Configuration flexibility vs user overhead
The YACS-style config with many knobs (DATA.USE_SPLIT_FILE, TRAIN.MODEL_TYPE, Mongo settings, etc.) is powerful but can feel heavy at first. The trade-off is made in favour of reproducibility and reuse.
3D CNN patches vs graph-level models
We stay at the level of 3D local patches around synapses, rather than using graph neural networks or whole-cell context. This simplifies the training story and matches Synister's original framing, but it means that purely local morphology + intensity around a synapse must carry most of the classification signal.

Implementation Notes¶

Training
- Launched via:
```
python trainer.py -c config/config.py
```
- TRAIN.MODEL_TYPE chooses between "RESNET" and "VGG".
- DATA.USE_SPLIT_FILE + DATA.SPLIT_FILE control whether to use a predefined .pkl split.
Prediction
- Launched via:
```
python predicter.py config/config_predict.py
```
- _C.PREDICT.CHECKPOINT sets the model checkpoint.
- _C.RAW_DATA.CONTAINER and _C.RAW_DATA.DATASET define the raw EM source.
- _C.DATA_SOURCE.METHOD ∈ {"pkl", "directory", "mongo"} selects how synapse patches are sourced.
Evaluation
- Uses engine/post/evaluate_3d.py (or scripts/evaluate.py) to compute:
- accuracy,
- per-class metrics,
- confusion matrices
  from prediction CSVs.
Integration with the larger pipeline
- Gunpowder and Daisy are used for data loading and scheduling in the larger pipeline context (e.g. when sourcing synapse locations from MongoDB or large volumes), following Synister.

Operational Guidance¶

Create a reusable split
- Start by creating a split with split_data.py (or a similar script) so that you have a reusable .pkl file for train/val splits.
Configure config/config.py
- Set DATA.DATA_DIR_PATH to your root directory containing one subfolder per neurotransmitter class.
- Enable DATA.USE_SPLIT_FILE and point DATA.SPLIT_FILE to your split .pkl.
- Choose TRAIN.MODEL_TYPE = "RESNET" or "VGG".
For small datasets
- Keep augmentations modest.
- Monitor per-class performance (some transmitters may have fewer examples if your data is imbalanced).
- Use early stopping or careful checkpoint selection.
Prediction on large volumes
- Use the 'mongo' data source mode if synapse coordinates live in a MongoDB collection.
- Or use 'directory' mode to sweep over new HDF5 cutouts.
Always sanity-check
- Class balance in your training set.
- Per-class confusion matrices.
- A few visual examples of correctly vs incorrectly classified synapses.

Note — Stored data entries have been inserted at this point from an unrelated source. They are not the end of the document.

text \<open>Events of the form \<Phi> (hist k) (coins_after k) do not see w_k. Admitting the coins of the
  later observations makes this class of events closed under going back from time k + 1 to time k
  on a blank (blank_step_event), which is the induction step.\<close>
lemma prob_mproc_inter_history_event:
  assumes "1 \<le> k" "k < N"
    and xy: "\<And>\<omega>. \<Phi> (hist f n g \<omega> k) (coins_after \<omega> k) \<Longrightarrow> xy_of (fst (hist f n g \<omega> k)) = (x, y)"
  shows "Pr N {\<omega>. mproc f n \<omega> k = v \<and> \<Phi> (hist f n g \<omega> k) (coins_after \<omega> k)}
       = tpow T M y v x * Pr N {\<omega>. \<Phi> (hist f n g \<omega> k) (coins_after \<omega> k)}"
  using assms
proof (induction y arbitrary: k \<Phi> v)
  case 0
  then have "mproc f n \<omega> k = x" if "\<Phi> (hist f n g \<omega> k) (coins_after \<omega> k)" for \<omega>
    using that mproc_eq_if_xy_of_hist by blast
  then have "{\<omega>. mproc f n \<omega> k = v \<and> \<Phi> (hist f n g \<omega> k) (coins_after \<omega> k)}
      = (if v = x then {\<omega>. \<Phi> (hist f n g \<omega> k) (coins_after \<omega> k)} else {})"
    by auto
  then show ?case
    by simp
next
  case (Suc y)
  then obtain k' where k: "k = Suc k'"
    by (cases k) auto
  have xy_Suc: "xy_of (fst (hist f n g \<omega> (Suc k'))) = (x, Suc y)"
    if "\<Phi> (hist f n g \<omega> (Suc k')) (coins_after \<omega> (Suc k'))" for \<omega>
    using Suc.prems(3) that unfolding k .
  have unobserved: "\<not> observed f n g \<omega> k'"
    if "\<Phi> (hist f n g \<omega> (Suc k')) (coins_after \<omega> (Suc k'))" for \<omega>
    using xy_Suc[OF that] by (auto simp: xy_of_hist_Suc)
  show ?case
  proof (cases "k' = 0")
    case True
    then have "\<not> \<Phi> (hist f n g \<omega> (Suc k')) (coins_after \<omega> (Suc k'))" for \<omega>
      using unobserved[of \<omega>] True by (auto simp: observed_def)
    then show ?thesis
      unfolding k by simp
  next
    case False
    let ?\<Psi> = "blank_step_event g k' \<Phi>"
    have \<Phi>_\<Psi>: "\<Phi> (hist f n g \<omega> (Suc k')) (coins_after \<omega> (Suc k'))
        \<longleftrightarrow> ?\<Psi> (hist f n g \<omega> k') (coins_after \<omega> k')" for \<omega>
      using unobserved blank_step_event_iff[OF False] by blast
    have xy': "xy_of (fst (hist f n g \<omega> k')) = (x, y)"
      if "?\<Psi> (hist f n g \<omega> k') (coins_after \<omega> k')" for \<omega>
      using that xy_Suc[of \<omega>] by (auto simp: blank_step_event_iff[OF False] xy_of_hist_Suc)
    have "Pr N {\<omega>. mproc f n \<omega> (Suc k') = v \<and> \<Phi> (hist f n g \<omega> (Suc k')) (coins_after \<omega> (Suc k'))}
        = Pr N {\<omega>. mproc f n \<omega> (Suc k') = v \<and> ?\<Psi> (hist f n g \<omega> k') (coins_after \<omega> k')}"
      by (simp only: \<Phi>_\<Psi>)
    also have "\<dots> = (\<Sum>z\<in>M. T v z
        * Pr N {\<omega>. mproc f n \<omega> k' = z \<and> ?\<Psi> (hist f n g \<omega> k') (coins_after \<omega> k')})"
      using Suc.prems(2) False by (intro prob_mproc_Suc_inter_history_event) (auto simp: k)
    also have "\<dots> = (\<Sum>z\<in>M. T v z
        * (tpow T M y z x * Pr N {\<omega>. ?\<Psi> (hist f n g \<omega> k') (coins_after \<omega> k')}))"
      using Suc.IH[OF _ _ xy'] Suc.prems(2) False by (simp add: k)
    also have "\<dots> = tpow T M (Suc y) v x * Pr N {\<omega>. ?\<Psi> (hist f n g \<omega> k') (coins_after \<omega> k')}"
      by (simp add: sum_distrib_right mult.assoc)
    also have "Pr N {\<omega>. ?\<Psi> (hist f n g \<omega> k') (coins_after \<omega> k')}
        = Pr N {\<omega>. \<Phi> (hist f n g \<omega> (Suc k')) (coins_after \<omega> (Suc k'))}"
      by (simp only: \<Phi>_\<Psi>)
    finally show ?thesis
      unfolding k .
  qed
qed

lemma mhat_eq_tpow:
  assumes "1 \<le> t" "\<omega> \<in> set_pmf (law P0 W q (Suc t))" "xy_of (fst (hist f n g \<omega> t)) = (x, y)"
  shows "mhat (law P0 W q (Suc t)) f n g h \<omega> t = h (\<lambda>v. tpow T M y v x)"
proof -
  define \<Phi> where "\<Phi> H (c :: nat \<Rightarrow> bool) \<longleftrightarrow>
    (fst H, butlast (snd H)) = (fst (hist f n g \<omega> t), butlast (snd (hist f n g \<omega> t)))" for H c
  have "Pr (Suc t) {\<omega>'. \<Phi> (hist f n g \<omega>' t) (coins_after \<omega>' t)} > 0"
    using assms(2) by (intro measure_pmf_posI) (auto simp: \<Phi>_def)
  moreover have "Pr (Suc t) {\<omega>'. mproc f n \<omega>' t = v \<and> \<Phi> (hist f n g \<omega>' t) (coins_after \<omega>' t)}
      = tpow T M y v x * Pr (Suc t) {\<omega>'. \<Phi> (hist f n g \<omega>' t) (coins_after \<omega>' t)}" for v
    using assms by (intro prob_mproc_inter_history_event) (auto simp: \<Phi>_def)
  ultimately have "cprob (law P0 W q (Suc t)) (\<lambda>\<omega>'. mproc f n \<omega>' t)
      (\<lambda>\<omega>'. (fst (hist f n g \<omega>' t), butlast (snd (hist f n g \<omega>' t)))) \<omega> = (\<lambda>v. tpow T M y v x)"
    by (simp add: cprob_def \<Phi>_def fun_eq_iff)
  then show ?thesis
    by (simp add: mhat_def)
qed

lemma expected_cost_given_history_event:
  assumes "1 \<le> t"
    and pos: "Pr (Suc t) {\<omega>. \<Phi> (hist f n g \<omega> t) (coins_after \<omega> t)} > 0"
    and xya: "\<And>\<omega>. \<Phi> (hist f n g \<omega> t) (coins_after \<omega> t) \<Longrightarrow>
      xy_of (fst (hist f n g \<omega> t)) = (x, y) \<and> last (snd (hist f n g \<omega> t)) = a"
  shows "measure_pmf.expectation (cond_pmf (law P0 W q (Suc t)) {\<omega>. \<Phi> (hist f n g \<omega> t) (coins_after \<omega> t)})
      (\<lambda>\<omega>. c (mproc f n \<omega> t) (mhat (law P0 W q (Suc t)) f n g h \<omega> t) (last (snd (hist f n g \<omega> t))))
    = chat c h T M x y a"
proof -
  define E where "E = {\<omega>. \<Phi> (hist f n g \<omega> t) (coins_after \<omega> t)}"
  have E_pos: "Pr (Suc t) E > 0"
    using pos by (simp add: E_def)
  then have E_ne: "set_pmf (law P0 W q (Suc t)) \<inter> E \<noteq> {}"
    by (simp flip: measure_pmf_zero_iff)
  have cond_law: "Pr (Suc t) {\<omega>\<in>E. mproc f n \<omega> t = m} = tpow T M y m x * Pr (Suc t) E" for m
    unfolding E_def using assms(1) xya by (simp add: conj_commute prob_mproc_inter_history_event)
  have "measure_pmf.expectation (cond_pmf (law P0 W q (Suc t)) E)
      (\<lambda>\<omega>. c (mproc f n \<omega> t) (mhat (law P0 W q (Suc t)) f n g h \<omega> t) (last (snd (hist f n g \<omega> t))))
    = measure_pmf.expectation (cond_pmf (law P0 W q (Suc t)) E)
      (\<lambda>\<omega>. c (mproc f n \<omega> t) (h (\<lambda>v. tpow T M y v x)) a)"
    using E_ne assms(1) xya by (intro integral_cong_AE) (auto simp: AE_measure_pmf_iff E_def mhat_eq_tpow)
  also have "\<dots> = (\<Sum>m\<in>M. c m (h (\<lambda>v. tpow T M y v x)) a
      * (Pr (Suc t) {\<omega>\<in>E. mproc f n \<omega> t = m} / Pr (Suc t) E))"
    by (rule expectation_cond_pmf_finite_range[OF finite_M mproc_in_M E_ne])
  also have "\<dots> = chat c h T M x y a"
    using E_pos by (simp add: chat_def cond_law)
  finally show ?thesis
    unfolding E_def .
qed

end

theorem lemma3:
  fixes n :: nat and S :: "real set"
    and f :: "real \<Rightarrow> (real \<Rightarrow> real) \<Rightarrow> 'w::finite \<Rightarrow> real"
    and P0 :: "(nat \<Rightarrow> real) pmf" and W :: "(nat \<Rightarrow> 'w) pmf" and q :: real
    and g :: "nat \<Rightarrow> (real \<Rightarrow> real) option list \<Rightarrow> bool list \<Rightarrow> bool"
    and h :: "((real \<Rightarrow> real) \<Rightarrow> real) \<Rightarrow> (real \<Rightarrow> real)"
    and c :: "(real \<Rightarrow> real) \<Rightarrow> (real \<Rightarrow> real) \<Rightarrow> bool \<Rightarrow> real"
    and T :: "(real \<Rightarrow> real) \<Rightarrow> (real \<Rightarrow> real) \<Rightarrow> real"
    and t :: nat and X :: "(real \<Rightarrow> real) list" and Y :: "nat list" and A :: "bool list"
  assumes n_pos: "n \<ge> 1"
    and S_fin: "finite S"
    and f_S: "\<forall>x\<in>S. \<forall>m\<in>Mset n S. \<forall>w. f x m w \<in> S"
    and P0_S: "\<forall>s\<in>set_pmf P0. \<forall>i<n. s i \<in> S"
    and exch: "\<forall>\<sigma>. \<sigma> permutes {..<n} \<longrightarrow> map_pmf (\<lambda>w. w \<circ> \<sigma>) W = W"
    and q: "0 \<le> q" "q \<le> 1"
    and c_nonneg: "\<forall>m1\<in>Mset n S. \<forall>m2\<in>Mset n S. \<forall>a. c m1 m2 a \<ge> 0"
    and T_def: "\<forall>\<tau>\<ge>1. \<forall>m m'.
        measure_pmf.prob (law P0 W q (Suc \<tau>)) {\<omega>. mproc f n \<omega> \<tau> = m} > 0 \<longrightarrow>
        measure_pmf.prob (law P0 W q (Suc \<tau>)) {\<omega>. mproc f n \<omega> (Suc \<tau>) = m' \<and> mproc f n \<omega> \<tau> = m}
          / measure_pmf.prob (law P0 W q (Suc \<tau>)) {\<omega>. mproc f n \<omega> \<tau> = m} = T m' m"
    and t_pos: "t \<ge> 1"
    and real: "measure_pmf.prob (law P0 W q (Suc t))
        {\<omega>. map fst (xyseq (fst (hist f n g \<omega> t))) = X \<and> map snd (xyseq (fst (hist f n g \<omega> t))) = Y
             \<and> snd (hist f n g \<omega> t) = A} > 0"
  shows "measure_pmf.expectation
           (cond_pmf (law P0 W q (Suc t))
              {\<omega>. map fst (xyseq (fst (hist f n g \<omega> t))) = X \<and> map snd (xyseq (fst (hist f n g \<omega> t))) = Y
                   \<and> snd (hist f n g \<omega> t) = A})
           (\<lambda>\<omega>. c (mproc f n \<omega> t) (mhat (law P0 W q (Suc t)) f n g h \<omega> t) (last (snd (hist f n g \<omega> t))))
         = chat c h T (Mset n S) (last X) (last Y) (last A)"
proof -
  interpret mean_field_model f n S P0 W q T
    using n_pos S_fin f_S P0_S exch T_def by unfold_locales
  have "xy_of (fst (hist f n g \<omega> t)) = (last X, last Y) \<and> last (snd (hist f n g \<omega> t)) = last A"
    if "map fst (xyseq (fst (hist f n g \<omega> t))) = X" "map snd (xyseq (fst (hist f n g \<omega> t))) = Y"
      "snd (hist f n g \<omega> t) = A" for \<omega>
    using that t_pos length_hist[of f n g \<omega> t] length_xyseq[of "fst (hist f n g \<omega> t)"]
    by (auto simp: last_map last_xyseq simp flip: length_greater_0_conv)
  then show ?thesis
    using t_pos real
    by (intro expected_cost_given_history_event[where \<Phi>="\<lambda>H _. map fst (xyseq (fst H)) = X
      \<and> map snd (xyseq (fst H)) = Y \<and> snd H = A"]) auto
qed

end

Future Work / Open Questions¶

More architectures
The module is already designed to support multiple backbones; adding other 3D CNNs or lightweight transformers is straightforward, but needs to be justified by data scale.
Better integration with connectome-level analysis
Aggregating synapse-level predictions into neuron-level labels (and checking consistency with Dale's Principle) is an obvious next step.
Uncertainty and active learning
Using model confidence to prioritise which synapses to re-annotate could help expand the curated adult-fly datasets efficiently.
Cross-dataset generalisation
Evaluating how models trained on one adult-fly dataset transfer to others (or to different species) remains an open question.